Mr. Arithi put this same proposition to me and urged the court to find that the applicants have not demonstrated that they have suffered or are likely to suffer injury over and above the injury suffered or likely to be suffered by the rest of the residents of Naari area. My finding is that the applicants have not demonstrated to me on the evidence and by the pleadings before me that their own individual interests have been injured over and above the interests of the other people. In any event, there is no evidence that the respondents have interfered in any way with the public utilities that have been enjoyed by the applicants and others since 1956. The water tank, the cattle dip, the dairy and the church are still intact. It is also clear from the evidence and the pleadings that none of the applicants has an individual right in the preservation of the subject matter. If there are any grievances by the applicants (which unfortunately are non-existent because the case is found to be res judicata CMCC No. 408 (1997) those grievances can only lie to the office of the Attorney General under section 61 of the Civil Procedure Act. For these reasons, I find that the applicants have no locus standi to institute and prosecute this suit on their own behalf and on behalf of the other alleged seventy or so members and/or on behalf of other members of the public in general.

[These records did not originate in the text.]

lemma eval_lin: "eval (lin b eps i) x \<longleftrightarrow> (i \<in> x) = (parity (row b i) x = eps i)"
proof -
  define X where "X = (\<lambda>j. {j}) ` (row b i \<inter> x)"
  have "{u \<in> lin b eps i. u \<subseteq> x} =
      (if i \<in> x then {{i}} else {}) \<union> (if eps i then {{}} else {}) \<union> X"
    by (auto simp: lin_def row_def X_def)
  moreover have "{i} \<notin> X" "{} \<notin> X" "finite X" by (auto simp: X_def row_def)
  moreover have "card X = card (row b i \<inter> x)"
    unfolding X_def by (intro card_image) (auto simp: inj_on_def)
  ultimately have "card {u \<in> lin b eps i. u \<subseteq> x} =
      (if i \<in> x then 1 else 0) + (if eps i then 1 else 0) + card (row b i \<inter> x)"
    by (simp add: card_insert_if)
  then show ?thesis by (auto simp: eval_def parity_def)
qed

lemma eval_pone: "eval pone x"
proof -
  have "{u \<in> pone. u \<subseteq> x} = {{}}" by (auto simp: pone_def)
  then show ?thesis by (simp add: eval_def)
qed

lemma finite_lin_prod: "finite (foldr (\<lambda>i acc. pmul (lin b eps i) acc) is pone)"
  by (induction "is") (simp_all add: pone_def finite_lin finite_pmul)

lemma finite_lta_act: "finite (lta_act b eps u)"
  by (simp add: lta_act_def finite_lin_prod)

lemma eval_lta_act:
  assumes "finite u"
  shows "eval (lta_act b eps u) x \<longleftrightarrow> x \<in> flat u (row b) eps"
proof -
  have "eval (foldr (\<lambda>i acc. pmul (lin b eps i) acc) is pone) x \<longleftrightarrow>
      (\<forall>i\<in>set is. eval (lin b eps i) x)" for "is"
    by (induction "is") (simp_all add: eval_pone eval_pmul finite_lin finite_lin_prod)
  then show ?thesis using assms by (simp add: lta_act_def flat_def eval_lin)
qed

lemma poly_eqI:
  assumes "finite p" "finite q" "\<And>x. eval p x = eval q x"
  shows "p = q"
proof (rule ccontr)
  assume "p \<noteq> q"
  then have "padd p q \<noteq> {}" by (auto simp: padd_def)
  moreover have "finite (padd p q)" using assms by (simp add: padd_def)
  ultimately obtain u where u: "u \<in> padd p q" "\<And>v. v \<in> padd p q \<Longrightarrow> v \<subseteq> u \<Longrightarrow> v = u"
    using finite_has_minimal by metis
  then have "{v \<in> padd p q. v \<subseteq> u} = {u}" by auto
  then have "eval (padd p q) u" by (simp add: eval_def)
  then show False using assms by (simp add: eval_padd)
qed

lemma lta_act_eqI:
  assumes "finite u" "flat u (row b1) eps1 = flat u (row b2) eps2"
  shows "lta_act b1 eps1 u = lta_act b2 eps2 u"
  using assms by (intro poly_eqI) (simp_all add: finite_lta_act eval_lta_act)

lemma inj_on_padd_orbits:
  assumes fin: "finite f" "finite g" and card: "2 < card (f - g)" "2 < card (g - f)"
  shows "inj_on (\<lambda>(a, c). padd a c) (lta_orbit m f \<times> lta_orbit m g)"
proof (rule inj_onI, clarify)
  fix a1 c1 a2 c2
  assume "a1 \<in> lta_orbit m f" "a2 \<in> lta_orbit m f" "c1 \<in> lta_orbit m g" "c2 \<in> lta_orbit m g"
  then obtain b1 eps1 b2 eps2 b3 eps3 b4 eps4 where acts:
    "a1 = lta_act b1 eps1 f" "a2 = lta_act b2 eps2 f" "c1 = lta_act b3 eps3 g" "c2 = lta_act b4 eps4 g"
    by (auto simp: lta_orbit_def)
  assume "padd a1 c1 = padd a2 c2"
  then have "eval (padd a1 c1) x = eval (padd a2 c2) x" for x by simp
  then have "sym_diff (flat f (row b1) eps1) (flat f (row b2) eps2) =
      sym_diff (flat g (row b3) eps3) (flat g (row b4) eps4)"
    unfolding acts using fin by (auto simp: eval_padd finite_lta_act eval_lta_act)
  then have "flat f (row b1) eps1 = flat f (row b2) eps2 \<and> flat g (row b3) eps3 = flat g (row b4) eps4"
    using flats_sym_diff_cancel fin card triangular_row by blast
  then show "a1 = a2 \<and> c1 = c2"
    unfolding acts using fin lta_act_eqI by blast
qed

theorem mainTheorem12:
  fixes m :: nat and I :: "nat set set" and f g :: "nat set"
  assumes "I \<subseteq> monomials m"
    and "decreasing m I"
    and "f \<in> I" and "g \<in> I"
    and "card f = Max (card ` I)" and "card g = Max (card ` I)"
    and "card (f \<inter> g) + 3 = Max (card ` I)"
  shows "card (setsum (lta_orbit m f) (lta_orbit m g))
           = card (lta_orbit m f) * card (lta_orbit m g)"
proof -
  have fin: "finite f" "finite g"
    using assms(1,3,4) by (auto simp: monomials_def intro: finite_subset[of _ "{..<m}"])
  have "2 < card (f - g)" "2 < card (g - f)"
    using card_Int_Diff[OF fin(1), of g] card_Int_Diff[OF fin(2), of f] assms(5-7)
    by (simp_all add: Int_commute)
  then have "inj_on (\<lambda>(a, c). padd a c) (lta_orbit m f \<times> lta_orbit m g)"
    using inj_on_padd_orbits fin by blast
  moreover have "setsum (lta_orbit m f) (lta_orbit m g) = (\<lambda>(a, c). padd a c) ` (lta_orbit m f \<times> lta_orbit m g)"
    by (auto simp: setsum_def)
  ultimately show ?thesis by (simp add: card_image card_cartesian_product)
qed

end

If indeed the applicants felt compelled to bring this suit on their own behalf and on behalf of other members of the public and assuming that the same was not resjudicata then they should have sought and obtained the written consent of the Attorney General to be able to do so.
In the result, I find that both limbs of the preliminary objection are well founded and must succeed. I allow the preliminary objection. I accordingly strike out the plaintiffs’ suit with costs to the defendants/respondents. It is so ordered.
Dated and delivered at Meru this 9th day of February 2005.